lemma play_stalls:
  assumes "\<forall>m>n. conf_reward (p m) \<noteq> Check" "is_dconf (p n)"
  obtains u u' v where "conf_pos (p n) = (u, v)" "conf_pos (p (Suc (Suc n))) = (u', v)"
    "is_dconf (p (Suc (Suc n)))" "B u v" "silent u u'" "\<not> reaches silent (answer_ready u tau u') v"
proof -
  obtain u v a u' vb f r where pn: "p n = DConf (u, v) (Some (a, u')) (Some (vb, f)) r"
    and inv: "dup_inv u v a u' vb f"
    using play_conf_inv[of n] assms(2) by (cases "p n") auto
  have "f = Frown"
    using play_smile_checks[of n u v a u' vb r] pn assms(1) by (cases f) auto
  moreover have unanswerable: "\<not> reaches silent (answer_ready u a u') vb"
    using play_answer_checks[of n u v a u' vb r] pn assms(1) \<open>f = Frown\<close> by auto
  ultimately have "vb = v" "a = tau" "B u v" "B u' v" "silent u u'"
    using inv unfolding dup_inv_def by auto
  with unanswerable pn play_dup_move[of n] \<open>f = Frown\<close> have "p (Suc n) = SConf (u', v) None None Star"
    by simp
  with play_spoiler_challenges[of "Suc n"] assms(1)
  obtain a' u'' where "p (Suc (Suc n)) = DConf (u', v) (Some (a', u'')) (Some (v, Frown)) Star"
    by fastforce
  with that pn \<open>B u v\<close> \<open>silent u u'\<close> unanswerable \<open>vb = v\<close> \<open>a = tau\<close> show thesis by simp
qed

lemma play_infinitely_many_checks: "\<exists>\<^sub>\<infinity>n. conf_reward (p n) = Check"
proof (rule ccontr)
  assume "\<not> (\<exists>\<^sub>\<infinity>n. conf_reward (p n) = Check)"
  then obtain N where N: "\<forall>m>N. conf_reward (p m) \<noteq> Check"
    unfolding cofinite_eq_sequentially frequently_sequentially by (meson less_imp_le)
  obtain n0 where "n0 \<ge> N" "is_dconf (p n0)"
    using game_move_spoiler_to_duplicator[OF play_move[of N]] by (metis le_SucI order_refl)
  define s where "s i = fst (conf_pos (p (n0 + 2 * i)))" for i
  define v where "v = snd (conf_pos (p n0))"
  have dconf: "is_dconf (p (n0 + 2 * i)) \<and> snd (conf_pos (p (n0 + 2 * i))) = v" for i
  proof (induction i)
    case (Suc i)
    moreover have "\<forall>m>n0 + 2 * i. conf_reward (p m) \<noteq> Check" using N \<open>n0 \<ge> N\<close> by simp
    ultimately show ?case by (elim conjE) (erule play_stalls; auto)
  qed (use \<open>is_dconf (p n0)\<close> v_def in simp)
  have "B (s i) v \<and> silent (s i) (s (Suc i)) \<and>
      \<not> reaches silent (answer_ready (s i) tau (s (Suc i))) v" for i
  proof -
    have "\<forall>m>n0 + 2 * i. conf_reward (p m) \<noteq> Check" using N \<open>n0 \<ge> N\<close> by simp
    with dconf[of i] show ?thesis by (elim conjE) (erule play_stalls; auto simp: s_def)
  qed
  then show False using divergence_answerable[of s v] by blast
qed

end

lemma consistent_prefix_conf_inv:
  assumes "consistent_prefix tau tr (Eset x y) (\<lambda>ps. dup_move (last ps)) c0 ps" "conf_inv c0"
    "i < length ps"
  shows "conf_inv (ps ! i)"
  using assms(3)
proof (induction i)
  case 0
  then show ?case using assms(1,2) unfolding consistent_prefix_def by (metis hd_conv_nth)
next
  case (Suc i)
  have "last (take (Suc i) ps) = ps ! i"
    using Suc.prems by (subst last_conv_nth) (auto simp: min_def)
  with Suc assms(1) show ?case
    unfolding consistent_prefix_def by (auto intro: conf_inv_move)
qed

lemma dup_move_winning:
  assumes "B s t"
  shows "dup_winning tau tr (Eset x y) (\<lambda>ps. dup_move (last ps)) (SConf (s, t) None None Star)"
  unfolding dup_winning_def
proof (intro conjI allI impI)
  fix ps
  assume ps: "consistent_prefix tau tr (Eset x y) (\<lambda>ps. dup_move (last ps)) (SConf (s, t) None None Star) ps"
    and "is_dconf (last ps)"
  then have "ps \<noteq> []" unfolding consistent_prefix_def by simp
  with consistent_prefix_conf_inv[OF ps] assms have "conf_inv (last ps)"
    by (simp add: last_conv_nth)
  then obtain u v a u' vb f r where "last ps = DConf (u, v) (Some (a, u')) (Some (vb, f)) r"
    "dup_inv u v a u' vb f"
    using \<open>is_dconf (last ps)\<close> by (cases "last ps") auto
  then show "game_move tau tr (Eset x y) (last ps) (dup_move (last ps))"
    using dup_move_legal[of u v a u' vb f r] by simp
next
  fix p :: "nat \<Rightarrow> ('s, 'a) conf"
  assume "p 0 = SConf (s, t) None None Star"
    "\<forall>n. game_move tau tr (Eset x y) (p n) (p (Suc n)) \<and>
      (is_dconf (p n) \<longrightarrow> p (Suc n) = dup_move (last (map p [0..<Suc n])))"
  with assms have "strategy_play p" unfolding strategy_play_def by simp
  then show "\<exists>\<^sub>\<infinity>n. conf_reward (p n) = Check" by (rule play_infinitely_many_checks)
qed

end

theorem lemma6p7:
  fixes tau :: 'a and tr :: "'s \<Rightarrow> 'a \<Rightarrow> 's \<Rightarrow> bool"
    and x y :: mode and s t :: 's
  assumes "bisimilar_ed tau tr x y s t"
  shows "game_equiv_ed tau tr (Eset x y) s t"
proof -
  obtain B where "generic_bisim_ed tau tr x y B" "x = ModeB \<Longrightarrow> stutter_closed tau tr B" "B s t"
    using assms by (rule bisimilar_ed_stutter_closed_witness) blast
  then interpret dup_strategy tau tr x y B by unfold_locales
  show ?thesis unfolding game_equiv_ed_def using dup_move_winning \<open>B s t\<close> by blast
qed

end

● ● ● ●

The task: Repeat every entry exactly. Nothing may be dropped.

Exercise output:
lemma play_stalls:
  assumes "\<forall>m>n. conf_reward (p m) \<noteq> Check" "is_dconf (p n)"
  obtains u u' v where "conf_pos (p n) = (u, v)" "conf_pos (p (Suc (Suc n))) = (u', v)"
    "is_dconf (p (Suc (Suc n)))" "B u v" "silent u u'" "\<not> reaches silent (answer_ready u tau u') v"
proof -
  obtain u v a u' vb f r where pn: "p n = DConf (u, v) (Some (a, u')) (Some (vb, f)) r"
    and inv: "dup_inv u v a u' vb f"
    using play_conf_inv[of n] assms(2) by (cases "p n") auto
  have "f = Frown"
    using play_smile_checks[of n u v a u' vb r] pn assms(1) by (cases f) auto
  moreover have unanswerable: "\<not> reaches silent (answer_ready u a u') vb"
    using play_answer_checks[of n u v a u' vb r] pn assms(1) \<open>f = Frown\<close> by auto
  ultimately have "vb = v" "a = tau" "B u v" "B u' v" "silent u u'"
    using inv unfolding dup_inv_def by auto
  with unanswerable pn play_dup_move[of n] \<open>f = Frown\<close> have "p (Suc n) = SConf (u', v) None None Star"
    by simp
  with play_spoiler_challenges[of "Suc n"] assms(1)
  obtain a' u'' where "p (Suc (Suc n)) = DConf (u', v) (Some (a', u'')) (Some (v, Frown)) Star"
    by fastforce
  with that pn \<open>B u v\<close> \<open>silent u u'\<close> unanswerable \<open>vb = v\<close> \<open>a = tau\<close> show thesis by simp
qed

lemma play_infinitely_many_checks: "\<exists>\<^sub>\<infinity>n. conf_reward (p n) = Check"
proof (rule ccontr)
  assume "\<not> (\<exists>\<^sub>\<infinity>n. conf_reward (p n) = Check)"
  then obtain N where N: "\<forall>m>N. conf_reward (p m) \<noteq> Check"
    unfolding cofinite_eq_sequentially frequently_sequentially by (meson less_imp_le)
  obtain n0 where "n0 \<ge> N" "is_dconf (p n0)"
    using game_move_spoiler_to_duplicator[OF play_move[of N]] by (metis le_SucI order_refl)
  define s where "s i = fst (conf_pos (p (n0 + 2 * i)))" for i
  define v where "v = snd (conf_pos (p n0))"
  have dconf: "is_dconf (p (n0 + 2 * i)) \<and> snd (conf_pos (p (n0 + 2 * i))) = v" for i
  proof (induction i)
    case (Suc i)
    moreover have "\<forall>m>n0 + 2 * i. conf_reward (p m) \<noteq> Check" using N \<open>n0 \<ge> N\<close> by simp
    ultimately show ?case by (elim conjE) (erule play_stalls; auto)
  qed (use \<open>is_dconf (p n0)\<close> v_def in simp)
  have "B (s i) v \<and> silent (s i) (s (Suc i)) \<and>
      \<not> reaches silent (answer_ready (s i) tau (s (Suc i))) v" for i
  proof -
    have "\<forall>m>n0 + 2 * i. conf_reward (p m) \<noteq> Check" using N \<open>n0 \<ge> N\<close> by simp
    with dconf[of i] show ?thesis by (elim conjE) (erule play_stalls; auto simp: s_def)
  qed
  then show False using divergence_answerable[of s v] by blast
qed

end

lemma consistent_prefix_conf_inv:
  assumes "consistent_prefix tau tr (Eset x y) (\<lambda>ps. dup_move (last ps)) c0 ps" "conf_inv c0"
    "i < length ps"
  shows "conf_inv (ps ! i)"
  using assms(3)
proof (induction i)
  case 0
  then show ?case using assms(1,2) unfolding consistent_prefix_def by (metis hd_conv_nth)
next
  case (Suc i)
  have "last (take (Suc i) ps) = ps ! i"
    using Suc.prems by (subst last_conv_nth) (auto simp: min_def)
  with Suc assms(1) show ?case
    unfolding consistent_prefix_def by (auto intro: conf_inv_move)
qed

lemma dup_move_winning:
  assumes "B s t"
  shows "dup_winning tau tr (Eset x y) (\<lambda>ps. dup_move (last ps)) (SConf (s, t) None None Star)"
  unfolding dup_winning_def
proof (intro conjI allI impI)
  fix ps
  assume ps: "consistent_prefix tau tr (Eset x y) (\<lambda>ps. dup_move (last ps)) (SConf (s, t) None None Star) ps"
    and "is_dconf (last ps)"
  then have "ps \<noteq> []" unfolding consistent_prefix_def by simp
  with consistent_prefix_conf_inv[OF ps] assms have "conf_inv (last ps)"
    by (simp add: last_conv_nth)
  then obtain u v a u' vb f r where "last ps = DConf (u, v) (Some (a, u')) (Some (vb, f)) r"
    "dup_inv u v a u' vb f"
    using \<open>is_dconf (last ps)\<close> by (cases "last ps") auto
  then show "game_move tau tr (Eset x y) (last ps) (dup_move (last ps))"
    using dup_move_legal[of u v a u' vb f r] by simp
next
  fix p :: "nat \<Rightarrow> ('s, 'a) conf"
  assume "p 0 = SConf (s, t) None None Star"
    "\<forall>n. game_move tau tr (Eset x y) (p n) (p (Suc n)) \<and>
      (is_dconf (p n) \<longrightarrow> p (Suc n) = dup_move (last (map p [0..<Suc n])))"
  with assms have "strategy_play p" unfolding strategy_play_def by simp
  then show "\<exists>\<^sub>\<infinity>n. conf_reward (p n) = Check" by (rule play_infinitely_many_checks)
qed

end

theorem lemma6p7:
  fixes tau :: 'a and tr :: "'s \<Rightarrow> 'a \<Rightarrow> 's \<Rightarrow> bool"
    and x y :: mode and s t :: 's
  assumes "bisimilar_ed tau tr x y s t"
  shows "game_equiv_ed tau tr (Eset x y) s t"
proof -
  obtain B where "generic_bisim_ed tau tr x y B" "x = ModeB \<Longrightarrow> stutter_closed tau tr B" "B s t"
    using assms by (rule bisimilar_ed_stutter_closed_witness) blast
  then interpret dup_strategy tau tr x y B by unfold_locales
  show ?thesis unfolding game_equiv_ed_def using dup_move_winning \<open>B s t\<close> by blast
qed

end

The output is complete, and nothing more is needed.